I recently went to my first show and I have mixed feelings about (most) folks there... I just can't decide, there's something that bothers me about them. Most of them don't see particularly nice or likeable..? There's just a strange vibe to them, and here I was thinking everyone is into showing or breeding for the love of cats... I hope anyone has a hinch as to what I'm on about - I'm on my phone but I'll explain what I mean in more detail later


----------



## Steverags (Jul 19, 2010)

Most people at shows are great, it's a good social gathering, you get the odd one or two that are just a bit too competetive.


----------



## Shrap (Nov 22, 2010)

I've never been to a cat show but sometimes there are different vibes at dog shows. You can feel the tension at some of them.
Try another before judging I'd say


----------



## Guest (Oct 28, 2012)

I know what you mean. There are some lovely people there but there are a lot who appear to see wins as a reflection of themselves and are insanely competitive and obsessed with everything and then there are the anthropomorphic nutters, and then there is the delight in gossip and schadenfreude. Dog and cat... want nothing to do with it.

To the genuine dog lovers who really strive to breed the best and campaign them, I don't know how they can keep going back.
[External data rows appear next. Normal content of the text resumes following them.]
lemma sum_partitions_monomial_sym:
  assumes "w 0 = 1"
  shows "(\<Sum>lam\<in>partitions p. (\<Prod>k\<in>#lam. w k) * monomial_sym lam N b) = weighted_hom w p N b"
proof -
  let ?f = "\<lambda>\<beta>. \<Prod>i<N. w (\<beta> i) * b i ^ \<beta> i"
  have "nz_exps N ` exps_of_degree N p \<subseteq> partitions p"
    unfolding partitions_def exps_of_degree_def
    by (auto simp: sum_mset_nz_exps) (auto simp: nz_exps_eq)
  then have "weighted_hom w p N b
      = (\<Sum>lam\<in>partitions p. \<Sum>\<beta>\<in>{\<beta>\<in>exps_of_degree N p. nz_exps N \<beta> = lam}. ?f \<beta>)"
    unfolding weighted_hom_def
    by (rule sum.group[symmetric, OF finite_exps_of_degree finite_partitions])
  also have "\<dots> = (\<Sum>lam\<in>partitions p. (\<Prod>k\<in>#lam. w k) * monomial_sym lam N b)"
  proof (rule sum.cong[OF refl])
    fix lam assume "lam \<in> partitions p"
    then have "{\<beta>\<in>exps_of_degree N p. nz_exps N \<beta> = lam} = {\<beta>\<in>exps N. nz_exps N \<beta> = lam}"
      by (auto simp: exps_of_degree_def partitions_def sum_mset_nz_exps[symmetric])
    then show "(\<Sum>\<beta>\<in>{\<beta>\<in>exps_of_degree N p. nz_exps N \<beta> = lam}. ?f \<beta>)
        = (\<Prod>k\<in>#lam. w k) * monomial_sym lam N b"
      unfolding monomial_sym_def sum_distrib_left
      by (intro sum.cong) (auto simp: prod_mset_nz_exps[where w = w, OF assms] prod.distrib)
  qed
  finally show ?thesis by simp
qed

lemma complete_hom_eq_weighted_hom: "complete_hom q n a = weighted_hom (\<lambda>_. 1) q n a"
  by (simp add: complete_hom_def weighted_hom_def exps_of_degree_def)

lemma complete_hom_0: "complete_hom q 0 a = (if q = 0 then 1 else 0)"
  by (simp add: complete_hom_eq_weighted_hom weighted_hom_0)

lemma complete_hom_Suc: "complete_hom q (Suc m) a = (\<Sum>j\<le>q. a m ^ j * complete_hom (q - j) m a)"
  by (simp add: complete_hom_eq_weighted_hom weighted_hom_Suc)

lemma weighted_hom_scale: "weighted_hom w q n (\<lambda>i. t * c i) = t ^ q * weighted_hom w q n c"
  unfolding weighted_hom_def sum_distrib_left
proof (rule sum.cong[OF refl])
  fix \<beta> assume "\<beta> \<in> exps_of_degree n q"
  then have "(\<Prod>i<n. t ^ \<beta> i) = t ^ q"
    by (simp add: exps_of_degree_def power_sum[symmetric])
  then show "(\<Prod>i<n. w (\<beta> i) * (t * c i) ^ \<beta> i) = t ^ q * (\<Prod>i<n. w (\<beta> i) * c i ^ \<beta> i)"
    by (simp add: power_mult_distrib prod.distrib mult_ac)
qed

lemma weight_fps_central_binomial_square:
  "weight_fps (\<lambda>k. real ((2 * k) choose k)) x ^ 2 = weight_fps (\<lambda>_. 1) (4 * x)"
proof (rule fps_ext)
  fix m
  have "fps_nth (weight_fps (\<lambda>k. real ((2 * k) choose k)) x ^ 2) m
      = (\<Sum>k=0..m. x ^ m * (real ((2 * k) choose k) * real ((2 * (m - k)) choose (m - k))))"
    unfolding power2_eq_square fps_mult_nth
  proof (rule sum.cong[OF refl])
    fix k assume "k \<in> {0..m}"
    then have "x ^ k * x ^ (m - k) = x ^ m" by (simp flip: power_add)
    then show "fps_nth (weight_fps (\<lambda>k. real ((2 * k) choose k)) x) k
        * fps_nth (weight_fps (\<lambda>k. real ((2 * k) choose k)) x) (m - k)
        = x ^ m * (real ((2 * k) choose k) * real ((2 * (m - k)) choose (m - k)))"
      by (simp add: weight_fps_def)
  qed
  then show "fps_nth (weight_fps (\<lambda>k. real ((2 * k) choose k)) x ^ 2) m
      = fps_nth (weight_fps (\<lambda>_. 1) (4 * x)) m"
    by (simp add: weight_fps_def power_mult_distrib central_binomial_convolution
        flip: sum_distrib_left)
qed

lemma prod_lessThan_doubled:
  fixes n :: nat
  shows "(\<Prod>i<2 * n. f (if i < n then a i else a (i - n))) = (\<Prod>i<n. f (a i)) ^ 2"
proof -
  let ?g = "\<lambda>i. f (if i < n then a i else a (i - n))"
  have "(\<Prod>i<2 * n. ?g i) = prod ?g {0..<n} * prod ?g {n..<n + n}"
    unfolding mult_2 atLeast0LessThan[symmetric]
    by (rule prod.atLeastLessThan_concat[symmetric]) simp_all
  also have "prod ?g {0..<n} = (\<Prod>i<n. f (a i))"
    by (simp add: atLeast0LessThan)
  also have "prod ?g {n..<n + n} = prod (\<lambda>i. f (a (i - n))) {0 + n..<n + n}"
    by (intro prod.cong) auto
  also have "\<dots> = (\<Prod>i<n. f (a i))"
    by (simp only: prod.shift_bounds_nat_ivl) (simp add: atLeast0LessThan)
  finally show ?thesis by (simp add: power2_eq_square)
qed

lemma sum_partitions_central_binomial_doubled:
  "(\<Sum>lam\<in>partitions p. (\<Prod>k\<in>#lam. real ((2 * k) choose k)) *
       monomial_sym lam (2 * n) (\<lambda>j. if j < n then a j else a (j - n)))
   = 4 ^ p * complete_hom p n a"
proof -
  let ?w = "\<lambda>k. real ((2 * k) choose k)"
  have "(\<Sum>lam\<in>partitions p. (\<Prod>k\<in>#lam. ?w k) *
       monomial_sym lam (2 * n) (\<lambda>j. if j < n then a j else a (j - n)))
      = fps_nth (\<Prod>i<2 * n. weight_fps ?w (if i < n then a i else a (i - n))) p"
    by (simp add: sum_partitions_monomial_sym weighted_hom_eq_fps_nth)
  also have "(\<Prod>i<2 * n. weight_fps ?w (if i < n then a i else a (i - n)))
      = (\<Prod>i<n. weight_fps (\<lambda>_. 1) (4 * a i))"
    by (simp add: prod_lessThan_doubled weight_fps_central_binomial_square
        prod_power_distrib)
  also have "fps_nth \<dots> p = 4 ^ p * complete_hom p n a"
    by (simp add: complete_hom_eq_weighted_hom weighted_hom_scale
        flip: weighted_hom_eq_fps_nth)
  finally show ?thesis .
qed

context prob_space
begin

lemma
  assumes "distributed M lborel Z std_normal_density"
  shows integrable_std_normal_power: "integrable M (\<lambda>\<omega>. Z \<omega> ^ k)"
    and expectation_std_normal_even_power:
      "expectation (\<lambda>\<omega>. Z \<omega> ^ (2 * k)) = fact k * real ((2 * k) choose k) / 2 ^ k"
proof -
  show "integrable M (\<lambda>\<omega>. Z \<omega> ^ k)"
    using distributed_integrable[OF assms, of "\<lambda>x. x ^ k"] integrable_normal_moment[of 1 0 k]
    by simp
  have "expectation (\<lambda>\<omega>. Z \<omega> ^ (2 * k)) = (\<integral>x. std_normal_density x * x ^ (2 * k) \<partial>lborel)"
    by (rule distributed_integral[OF assms, symmetric]) auto
  also have "\<dots> = fact (2 * k) / (2 ^ k * fact k)"
    by (rule integral_std_normal_moment_even)
  also have "\<dots> = fact k * real ((2 * k) choose k) / 2 ^ k"
    by (simp add: binomial_fact)
  finally show "expectation (\<lambda>\<omega>. Z \<omega> ^ (2 * k)) = fact k * real ((2 * k) choose k) / 2 ^ k" .
qed

lemma indep_var_restrict_compose:
  assumes "indep_vars (\<lambda>_. borel) W I"
    and "A \<inter> B = {}" "A \<subseteq> I" "B \<subseteq> I"
    and "F \<in> borel_measurable (PiM A (\<lambda>_. borel))"
    and "G \<in> borel_measurable (PiM B (\<lambda>_. borel))"
  shows "indep_var borel (\<lambda>\<omega>. F (\<lambda>i\<in>A. W i \<omega>)) borel (\<lambda>\<omega>. G (\<lambda>i\<in>B. W i \<omega>))"
  using indep_var_compose[OF indep_var_restrict[OF assms(1-4)] assms(5,6)]
  by (simp add: o_def)

lemma
  fixes S Z :: "'a \<Rightarrow> real"
  assumes indep: "indep_var borel S borel Z"
    and S: "\<And>k. integrable M (\<lambda>\<omega>. S \<omega> ^ k)"
    and Z: "\<And>k. integrable M (\<lambda>\<omega>. Z \<omega> ^ k)"
  shows integrable_indep_add_power: "integrable M (\<lambda>\<omega>. (S \<omega> + Z \<omega>) ^ q)"
    and expectation_indep_add_power: "expectation (\<lambda>\<omega>. (S \<omega> + Z \<omega>) ^ q)
      = (\<Sum>j\<le>q. real (q choose j) * expectation (\<lambda>\<omega>. S \<omega> ^ j) * expectation (\<lambda>\<omega>. Z \<omega> ^ (q - j)))"
proof -
  have indep_powers: "indep_var borel (\<lambda>\<omega>. S \<omega> ^ j) borel (\<lambda>\<omega>. Z \<omega> ^ (q - j))" for j
    using indep_var_compose[OF indep, of "\<lambda>x. x ^ j" borel "\<lambda>x. x ^ (q - j)" borel]
    by (simp add: o_def)
  have binomial: "(\<lambda>\<omega>. (S \<omega> + Z \<omega>) ^ q)
      = (\<lambda>\<omega>. \<Sum>j\<le>q. real (q choose j) * (S \<omega> ^ j * Z \<omega> ^ (q - j)))"
    by (simp add: binomial_ring mult.assoc)
  have terms: "integrable M (\<lambda>\<omega>. S \<omega> ^ j * Z \<omega> ^ (q - j))" for j
    using indep_var_integrable[OF indep_powers S Z] .
  then show "integrable M (\<lambda>\<omega>. (S \<omega> + Z \<omega>) ^ q)"
    unfolding binomial by auto
  show "expectation (\<lambda>\<omega>. (S \<omega> + Z \<omega>) ^ q)
      = (\<Sum>j\<le>q. real (q choose j) * expectation (\<lambda>\<omega>. S \<omega> ^ j) * expectation (\<lambda>\<omega>. Z \<omega> ^ (q - j)))"
    unfolding binomial using terms
    by (simp add: integral_sum indep_var_lebesgue_integral[OF indep_powers S Z] mult.assoc)
qed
I think the obedience, etc people are mostly very different.


----------



## Chiantina (Oct 16, 2012)

Don't know about the dog shows but there's a fair mix of folks at the cat shows and some of them are not very nice at all and some of them are just plain nuts. However, once you have been to a few, you'll soon fall in with some like minded people who are there for the fun!!


----------



## dexter (Nov 29, 2008)

Chiantina said:


> Don't know about the dog shows but there's a fair mix of folks at the cat shows and some of them are not very nice at all and some of them are just plain nuts. However, once you have been to a few, you'll soon fall in with some like minded people who are there for the fun!!


no different to dog showing then


----------



## Treaclesmum (Sep 26, 2011)

That's life, I'm afraid!! 

There will always be those who seek to bring others down, it seems to be a strange sort of motivation for them, and I guess cat shows are no different.


----------



## Vixxen (Jan 13, 2009)

ive met some great people at cat shows but yes sadly there are some unpleasant people too who really hate losing, and funnily it depends what breed of cat you are showing too, i never had any funny people when i was showing maine coons (dont know what it is like now though as havent shown MC's for around 10 years now) i show NFC now and well.....yes plenty of funny people.


----------



## rcmadd (Feb 6, 2011)

go to the pet section of a show.. we are the friendliest....

there will always be a minority of show folk that take it too seriously..

at the notts/derby this year.. one woman was heared to say that a cat did not deserve to be in for best in show..:glare:


----------



## jo-pop (May 27, 2011)

How can you have a "general impression"? People are all different. 
Everybody I have met have been lovely, so helpful! I have heard some less than nice stories from others but you get that anywhere.


----------



## Chiantina (Oct 16, 2012)

rcmadd said:


> go to the pet section of a show.. we are the friendliest....
> 
> there will always be a minority of show folk that take it too seriously..
> 
> at the notts/derby this year.. one woman was heared to say that a cat did not deserve to be in for best in show..:glare:


I have heard some classics - one owner who was ranting and raving cos the award had been withheld even though they "had got up at 3am to get here!", obviously the earlier you get up, the more likely you should be to win!!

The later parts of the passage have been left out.